Each line of the records below that holds "moreover" should be copied out.

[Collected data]
--
(* $SL_3(\mathfrak{o})$ is the union of the sets $$\Gamma_\infty(3)\,u\,d\,\varphi_1(y)\quad (y\in Y(\mathfrak{o}),\ d\in D(3),\ u\in U(3)),$$ $$\Gamma_\infty(3)\,u\,d\,\varphi_2(y_2)\varphi_1(y_1)\quad (y_1,y_2\in Y(\mathfrak{o}),\ y_2\neq I_2,\ d\in D(3),\ u\in U(3)),$$ $$\Gamma_\infty(3)\,u\,d\,\varphi_1(y_3)\varphi_2(y_2)\varphi_1(y_1)\quad (y_1,y_2,y_3\in Y(\mathfrak{o}),\ y_2,y_3\neq I_2,\ d\in D(3),\ u\in U(3)),$$ and this union is disjoint: the three families together form a decomposition of $SL_3(\mathfrak{o})$ into pairwise disjoint sets.
   Context: Let $\omega=e^{2\pi i/3}$, $\mathfrak{o}=\mathbb{Z}[\omega]$, $\mathfrak{o}^\times$ its unit group. Fix representatives of nonzero elements modulo units ("$c\in(\mathfrak{o}-\{0\})/\mathfrak{o}^\times$") and, for each nonzero $c$, representatives of $\mathfrak{o}/c\mathfrak{o}$ ("$a\in\mathfrak{o}/c\mathfrak{o}$"). $Y(\mathfrak{o})=\{\begin{pmatrix}a&b\\c&d\end{pmatrix}\in SL_2(\mathfrak{o}) : c\in(\mathfrak{o}-\{0\})/\mathfrak{o}^\times,\ a\in\mathfrak{o}/c\mathfrak{o}\}\cup\{I_2\}$. $\Gamma(3)=\{A\in SL_3(\mathfrak{o}):A\equiv I_3\pmod{3\mathfrak{o}}\}$ (entrywise), $\Gamma_\infty(3)$ its subgroup of upper triangular unipotent matrices. $D(3)$: diagonal $\mathrm{diag}(i,j,k)$ with $i,j,k\in\mathfrak{o}$, $ijk=1$. $U(3)$: matrices $\begin{pmatrix}1&\alpha&\beta\\&1&\gamma\\&&1\end{pmatrix}$ with $\alpha,\beta,\gamma\in\{0,1,2\}+\{0,1,2\}\omega$. For $y=\begin{pmatrix}a&b\\c&d\end{pmatrix}\in SL_2(\mathfrak{o})$, $\varphi_1(y)=\begin{pmatrix}a&b&0\\c&d&0\\0&0&1\end{pmatrix}$, $\varphi_2(y)=\begin{pmatrix}1&0&0\\0&a&b\\0&c&d\end{pmatrix}$. *)

theory Defs
  imports "HOL-Analysis.Analysis"
begin
text \<open>A column {k} x Z meets the union of closed unit squares centred at the sites of
eta_cl iff k is the first coordinate of such a site; similarly for rows.\<close>
definition p1 :: "nat \<Rightarrow> site set \<Rightarrow> nat" where
  "p1 L \<eta> = card (fst ` eta_cl L \<eta>)"

definition p2 :: "nat \<Rightarrow> site set \<Rightarrow> nat" where
  "p2 L \<eta> = card (snd ` eta_cl L \<eta>)"

definition s_of :: "nat \<Rightarrow> site set \<Rightarrow> nat" where
  "s_of L \<eta> = p1 L \<eta> + p2 L \<eta>"

definition v_of :: "nat \<Rightarrow> site set \<Rightarrow> int" where
  "v_of L \<eta> = int (p1 L \<eta>) * int (p2 L \<eta>) - int (card (eta_cl L \<eta>))"

definition pmin :: "nat \<Rightarrow> site set \<Rightarrow> nat" where
  "pmin L \<eta> = min (p1 L \<eta>) (p2 L \<eta>)"

definition pmax :: "nat \<Rightarrow> site set \<Rightarrow> nat" where
  "pmax L \<eta> = max (p1 L \<eta>) (p2 L \<eta>)"

definition eps :: "real \<Rightarrow> real \<Rightarrow> real \<Rightarrow> real" where
  "eps U1 U2 \<Delta> = U1 + U2 - \<Delta>"

definition ell2 :: "real \<Rightarrow> real \<Rightarrow> real \<Rightarrow> int" where
  "ell2 U1 U2 \<Delta> = \<lceil>U2 / eps U1 U2 \<Delta>\<rceil>"

definition sstar :: "real \<Rightarrow> real \<Rightarrow> real \<Rightarrow> int" where
  "sstar U1 U2 \<Delta> = 3 * ell2 U1 U2 \<Delta> - 1"

definition Gamma :: "real \<Rightarrow> real \<Rightarrow> real \<Rightarrow> real" where
  "Gamma U1 U2 \<Delta> = (let e = eps U1 U2 \<Delta>; l = real_of_int (ell2 U1 U2 \<Delta>) in
     U1 * l + 2 * U2 * l + U1 - U2 - 2 * e * l\<^sup>2 + 3 * e * l - 2 * e)"

definition inB :: "nat \<Rightarrow> real \<Rightarrow> real \<Rightarrow> real \<Rightarrow> site set \<Rightarrow> bool" where
  "inB L U1 U2 \<Delta> \<eta> \<longleftrightarrow>
     (let s = int (s_of L \<eta>); ss = sstar U1 U2 \<Delta>; l = ell2 U1 U2 \<Delta>; q2 = int (p2 L \<eta>);
          v = v_of L \<eta> in
      s \<le> ss - 2
      \<or> (s \<ge> ss - 1 \<and> q2 \<le> l - 1)
      \<or> (s = ss - 1 \<and> q2 \<ge> l \<and> v \<ge> int (pmin L \<eta>) - 1)
      \<or> (s \<ge> ss \<and> q2 = l \<and> v \<ge> int (pmax L \<eta>) - 1))"

end

theory Submission
  imports Defs
begin

(* A move raises s = p1 + p2 by at most 2 unless the old configuration has at least two free
   particles: a swap brings in one new site y, which together with at most one free particle next
   to it is all that can join the cluster, and a site adjacent to the cluster adds at most one new
   row or column.  So \<Delta>s \<ge> 3 forces two free particles, each costing \<Delta>.  Bounding the horizontal
   bonds of the cluster by |cl| - p2 and the vertical ones by |cl| - p1 gives
   H \<ge> U1 p2 + U2 p1 - \<epsilon> |cl| + 2\<Delta>, and the constraints of \<B> together with p2 \<ge> \<ell>2* push this
   above \<Gamma>.  Hence the second alternative always holds. *)

definition free_particles :: "nat \<Rightarrow> site set \<Rightarrow> site set" where
  "free_particles L \<eta> = \<eta> - eta_cl L \<eta>"

definition proj_card :: "site set \<Rightarrow> nat" where
  "proj_card C = card (fst ` C) + card (snd ` C)"

lemma s_of_eq_proj_card: "s_of L \<eta> = proj_card (eta_cl L \<eta>)"
  unfolding s_of_def p1_def p2_def proj_card_def ..

lemma nn_sym: "nn x y \<longleftrightarrow> nn y x"
  unfolding nn_def by arith

lemma nn_imp_aligned: "nn x y \<Longrightarrow> fst x = fst y \<or> snd x = snd y"
  unfolding nn_def by arith

lemma finite_Lam [simp]: "finite (Lam L)"
  unfolding Lam_def by simp

lemma finite_eta_cl [simp]: "finite (eta_cl L \<eta>)"
  by (rule finite_subset[of _ "Lam L"]) (auto simp: eta_cl_def Lam0_def)

lemma eta_cl_subset: "eta_cl L \<eta> \<subseteq> \<eta>"
  unfolding eta_cl_def by blast

lemma eta_cl_mono: "A \<subseteq> B \<Longrightarrow> eta_cl L A \<subseteq> eta_cl L B"
  unfolding eta_cl_def by blast

lemma eta_cl_insert_outside_Lam0: "x \<notin> Lam0 L \<Longrightarrow> eta_cl L (insert x \<eta>) = eta_cl L \<eta>"
  unfolding eta_cl_def by auto

lemma card_eq_card_eta_cl_add_free:
  "finite \<eta> \<Longrightarrow> card \<eta> = card (eta_cl L \<eta>) + card (free_particles L \<eta>)"
  unfolding free_particles_def
  by (metis card_Diff_subset card_mono eta_cl_subset finite_eta_cl le_add_diff_inverse)

lemma card_eta_cl_le_p1_mult_p2: "card (eta_cl L \<eta>) \<le> p1 L \<eta> * p2 L \<eta>"
proof -
  have "card (eta_cl L \<eta>) \<le> card (fst ` eta_cl L \<eta> \<times> snd ` eta_cl L \<eta>)"
    by (rule card_mono) force+
  thus ?thesis unfolding p1_def p2_def by (simp add: card_cartesian_product)
qed

lemma proj_card_mono: "finite D \<Longrightarrow> C \<subseteq> D \<Longrightarrow> proj_card C \<le> proj_card D"
  unfolding proj_card_def by (intro add_mono card_mono) auto

lemma proj_card_insert_le: "finite C \<Longrightarrow> proj_card (insert y C) \<le> proj_card C + 2"
  unfolding proj_card_def by (simp add: card_insert_if)

lemma proj_card_insert_nn:
  assumes "finite C" "z \<in> C" "nn y z"
  shows "proj_card (insert y C) \<le> proj_card C + 1"
  using assms nn_imp_aligned[OF assms(3)] unfolding proj_card_def
  by (auto simp: card_insert_if image_iff)

lemma eta_cl_swap_subset:
  assumes "x \<in> A" "y \<notin> A"
  shows "eta_cl L (insert y (A - {x}))
           \<subseteq> insert y (eta_cl L A \<union> {z \<in> free_particles L A - {x}. nn z y})"
proof
  fix z assume z: "z \<in> eta_cl L (insert y (A - {x}))"
  then obtain u where u: "nn z u" "u \<in> insert y (A - {x})" "u \<in> Lam0 L"
    unfolding eta_cl_def by blast
  show "z \<in> insert y (eta_cl L A \<union> {z \<in> free_particles L A - {x}. nn z y})"
  proof (cases "z = y \<or> u = y")
    case False
    with z u show ?thesis unfolding eta_cl_def by blast
  next
    case True
    with z u show ?thesis unfolding eta_cl_def free_particles_def by blast
  qed
qed

lemma s_of_swap_le:
  assumes fin: "finite A" and "x \<in> A" "y \<notin> A" "nn x y"
    and few_free: "card (free_particles L A) \<le> 1"
  shows "s_of L (insert y (A - {x})) \<le> s_of L A + 2"
proof -
  let ?C = "eta_cl L A"
  let ?F = "{z \<in> free_particles L A - {x}. nn z y}"
  have fin_free: "finite (free_particles L A)"
    using fin unfolding free_particles_def by simp
  have free_unique: "a = b" if "a \<in> free_particles L A" "b \<in> free_particles L A" for a b
    using few_free card_le_Suc0_iff_eq[OF fin_free] that by auto
  have "proj_card (insert y (?C \<union> ?F)) \<le> proj_card ?C + 2"
  proof (cases "x \<in> ?C")
    case False
    with \<open>x \<in> A\<close> have "?F = {}"
      using free_unique unfolding free_particles_def by blast
    hence "insert y (?C \<union> ?F) = insert y ?C" by (simp only: Un_empty_right)
    thus ?thesis using proj_card_insert_le[of ?C y] by simp
  next
    case True
    have y_step: "proj_card (insert y ?C) \<le> proj_card ?C + 1"
      using proj_card_insert_nn[OF _ True] \<open>nn x y\<close> nn_sym by auto
    show ?thesis
    proof (cases "?F = {}")
      case True
      hence "insert y (?C \<union> ?F) = insert y ?C" by (simp only: Un_empty_right)
      thus ?thesis using y_step by simp
    next
      case False
      then obtain w where w: "w \<in> ?F" by blast
      hence "?F = {w}" using free_unique by blast
      hence "insert y (?C \<union> ?F) = insert w (insert y ?C)" by auto
      moreover have "proj_card (insert w (insert y ?C)) \<le> proj_card (insert y ?C) + 1"
        using w by (intro proj_card_insert_nn) auto
      ultimately show ?thesis using y_step by simp
    qed
  qed
  moreover have "proj_card (eta_cl L (insert y (A - {x}))) \<le> proj_card (insert y (?C \<union> ?F))"
    using eta_cl_swap_subset[OF \<open>x \<in> A\<close> \<open>y \<notin> A\<close>] fin_free
    by (intro proj_card_mono) auto
  ultimately show ?thesis unfolding s_of_eq_proj_card by linarith
qed
lemma entropy_sum_ge:
  assumes "L0_feasible \<rho> t p"
  shows "ln_dcoef_interp \<rho> m - ln 2 - 2 \<le> (\<Sum>i=1..t. plogpd (p i) (dcoef i))"
proof -
  define e where "e i = (if i < m then m - i else i - m)" for i
  define u where "u i = (1 / 2 :: real) ^ e i" for i
  define s where "s = ln (dcoef (Suc m)) - ln (dcoef m)"
  have p: "0 \<le> p i" if "i \<in> {1..t}" for i
    using assms that by (auto simp: L0_feasible_def)
  have ln_ud: "ln (dcoef m) + (real i - real m) * s - ln 2 \<le> ln (u i * dcoef i)" for i
  proof -
    have "real (e i) = \<bar>real i - real m\<bar>"
      by (simp add: e_def of_nat_diff)
    then have "ln (u i * dcoef i) = ln (dcoef i) - \<bar>real i - real m\<bar> * ln 2"
      using dcoef_pos[of i] by (simp add: u_def ln_mult ln_realpow ln_div)
    then show ?thesis
      using ln_dcoef_convex[of m i] unfolding s_def by (simp add: algebra_simps)
  qed
  have "(\<Sum>i=1..t. u i) \<le> (\<Sum>i<Suc t. u i)"
    by (intro sum_mono2) (auto simp: u_def)
  also have "\<dots> \<le> (1 + 1 / 2) / (1 - 1 / 2)"
    unfolding u_def e_def by (rule sum_two_sided_geometric_le) auto
  finally have u_sum: "(\<Sum>i=1..t. u i) \<le> 3"
    by simp
  have sums: "(\<Sum>i=1..t. p i) = 1" "(\<Sum>i=1..t. real i * p i) = \<rho>"
    using assms by (auto simp: L0_feasible_def)
  have "ln_dcoef_interp \<rho> m - ln 2 + 1 - 3
      \<le> (ln (dcoef m) - real m * s - ln 2) * (\<Sum>i=1..t. p i) + s * (\<Sum>i=1..t. real i * p i)
         + (\<Sum>i=1..t. p i) - (\<Sum>i=1..t. u i)"
    using u_sum unfolding sums ln_dcoef_interp_def s_def by (simp add: algebra_simps)
  also have "\<dots> = (\<Sum>i=1..t. (ln (dcoef m) - real m * s - ln 2) * p i + s * (real i * p i) + p i - u i)"
    by (simp add: sum.distrib sum_subtractf sum_distrib_left)
  also have "\<dots> \<le> (\<Sum>i=1..t. p i * ln (u i * dcoef i) + p i - u i)"
  proof (intro sum_mono)
    fix i assume "i \<in> {1..t}"
    then have "p i * (ln (dcoef m) + (real i - real m) * s - ln 2) \<le> p i * ln (u i * dcoef i)"
      using ln_ud p by (intro mult_left_mono)
    then show "(ln (dcoef m) - real m * s - ln 2) * p i + s * (real i * p i) + p i - u i
        \<le> p i * ln (u i * dcoef i) + p i - u i"
      by (simp add: algebra_simps)
  qed
  also have "\<dots> \<le> (\<Sum>i=1..t. plogpd (p i) (dcoef i))"
    by (intro sum_mono plogpd_ge) (auto simp: p u_def dcoef_pos)
  finally show ?thesis
    by simp
qed

lemma entropy_sum_attained:
  assumes "1 \<le> m" "m < t" "real m \<le> \<rho>" "\<rho> \<le> real m + 1"
  shows "\<exists>p. L0_feasible \<rho> t p \<and> (\<Sum>i=1..t. plogpd (p i) (dcoef i)) \<le> ln_dcoef_interp \<rho> m"
proof -
  define p where
    "p i = (if i = m then real m + 1 - \<rho> else 0) + (if i = Suc m then \<rho> - real m else 0)" for i
  have mem: "m \<in> {1..t}" "Suc m \<in> {1..t}"
    using assms by auto
  have sum_p: "(\<Sum>i=1..t. p i * g i) = (real m + 1 - \<rho>) * g m + (\<rho> - real m) * g (Suc m)"
    for g :: "nat \<Rightarrow> real"
  proof -
    have "p i * g i = (if i = m then (real m + 1 - \<rho>) * g i else 0)
        + (if i = Suc m then (\<rho> - real m) * g i else 0)" for i
      unfolding p_def by (simp add: distrib_right)
    then have "(\<Sum>i=1..t. p i * g i) = (\<Sum>i=1..t. if i = m then (real m + 1 - \<rho>) * g i else 0)
        + (\<Sum>i=1..t. if i = Suc m then (\<rho> - real m) * g i else 0)"
      by (simp add: sum.distrib)
    then show ?thesis
      using mem by (simp only: sum.delta finite_atLeastAtMost if_True)
  qed
  have p_range: "0 \<le> p i \<and> p i \<le> 1" for i
    using assms by (auto simp: p_def)
  have "L0_feasible \<rho> t p"
    unfolding L0_feasible_def using p_range sum_p[of "\<lambda>_. 1"] sum_p[of real]
    by (simp add: algebra_simps)
  moreover have "(\<Sum>i=1..t. plogpd (p i) (dcoef i)) \<le> (\<Sum>i=1..t. p i * ln (dcoef i))"
    by (intro sum_mono plogpd_le) (auto simp: p_range dcoef_pos)
  moreover have "(\<Sum>i=1..t. p i * ln (dcoef i)) = ln_dcoef_interp \<rho> m"
    unfolding sum_p ln_dcoef_interp_def by (simp add: algebra_simps)
  ultimately show ?thesis
    by auto
qed

lemma L0tilde_bounds:
  fixes \<rho> k :: real
  assumes "1 \<le> m" "m < t" "real m \<le> \<rho>" "\<rho> \<le> real m + 1"
  defines "base \<equiv> \<rho> * ln (\<rho> * k) - ln k - \<rho> + 1 - ln_dcoef_interp \<rho> m"
  shows "base \<le> L0tilde \<rho> k t" and "L0tilde \<rho> k t \<le> base + ln 2 + 2"
proof -
  define S where "S = {\<rho> * ln (\<rho> * k) - ln k - \<rho> + 1 - (\<Sum>i=1..t. plogpd (p i) (dcoef i)) | p.
     L0_feasible \<rho> t p}"
  have upper: "x \<le> base + ln 2 + 2" if "x \<in> S" for x
    using that entropy_sum_ge[of \<rho> t _ m] unfolding S_def base_def by force
  obtain p where p: "L0_feasible \<rho> t p" "(\<Sum>i=1..t. plogpd (p i) (dcoef i)) \<le> ln_dcoef_interp \<rho> m"
    using entropy_sum_attained[OF assms(1-4)] by blast
  define x where "x = \<rho> * ln (\<rho> * k) - ln k - \<rho> + 1 - (\<Sum>i=1..t. plogpd (p i) (dcoef i))"
  have "x \<in> S"
    unfolding S_def x_def using p(1) by blast
  have "base \<le> x"
    unfolding base_def x_def using p(2) by simp
  also have "x \<le> Sup S"
    using \<open>x \<in> S\<close> upper by (intro cSup_upper) (auto simp: bdd_above_def)
  finally show "base \<le> L0tilde \<rho> k t"
    unfolding L0tilde_eq_Sup S_def .
  show "L0tilde \<rho> k t \<le> base + ln 2 + 2"
    unfolding L0tilde_eq_Sup S_def[symmetric] using \<open>x \<in> S\<close> upper by (intro cSup_least) auto
qed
--
> **ANSWER TO THE PROBLEM**:
      moreover have "proj_card (insert w (insert y ?C)) \<le> proj_card (insert y ?C) + 1"
  moreover have "proj_card (eta_cl L (insert y (A - {x}))) \<le> proj_card (insert y (?C \<union> ?F))"
  moreover have "(\<Sum>i=1..t. plogpd (p i) (dcoef i)) \<le> (\<Sum>i=1..t. p i * ln (dcoef i))"
  moreover have "(\<Sum>i=1..t. p i * ln (dcoef i)) = ln_dcoef_interp \<rho> m"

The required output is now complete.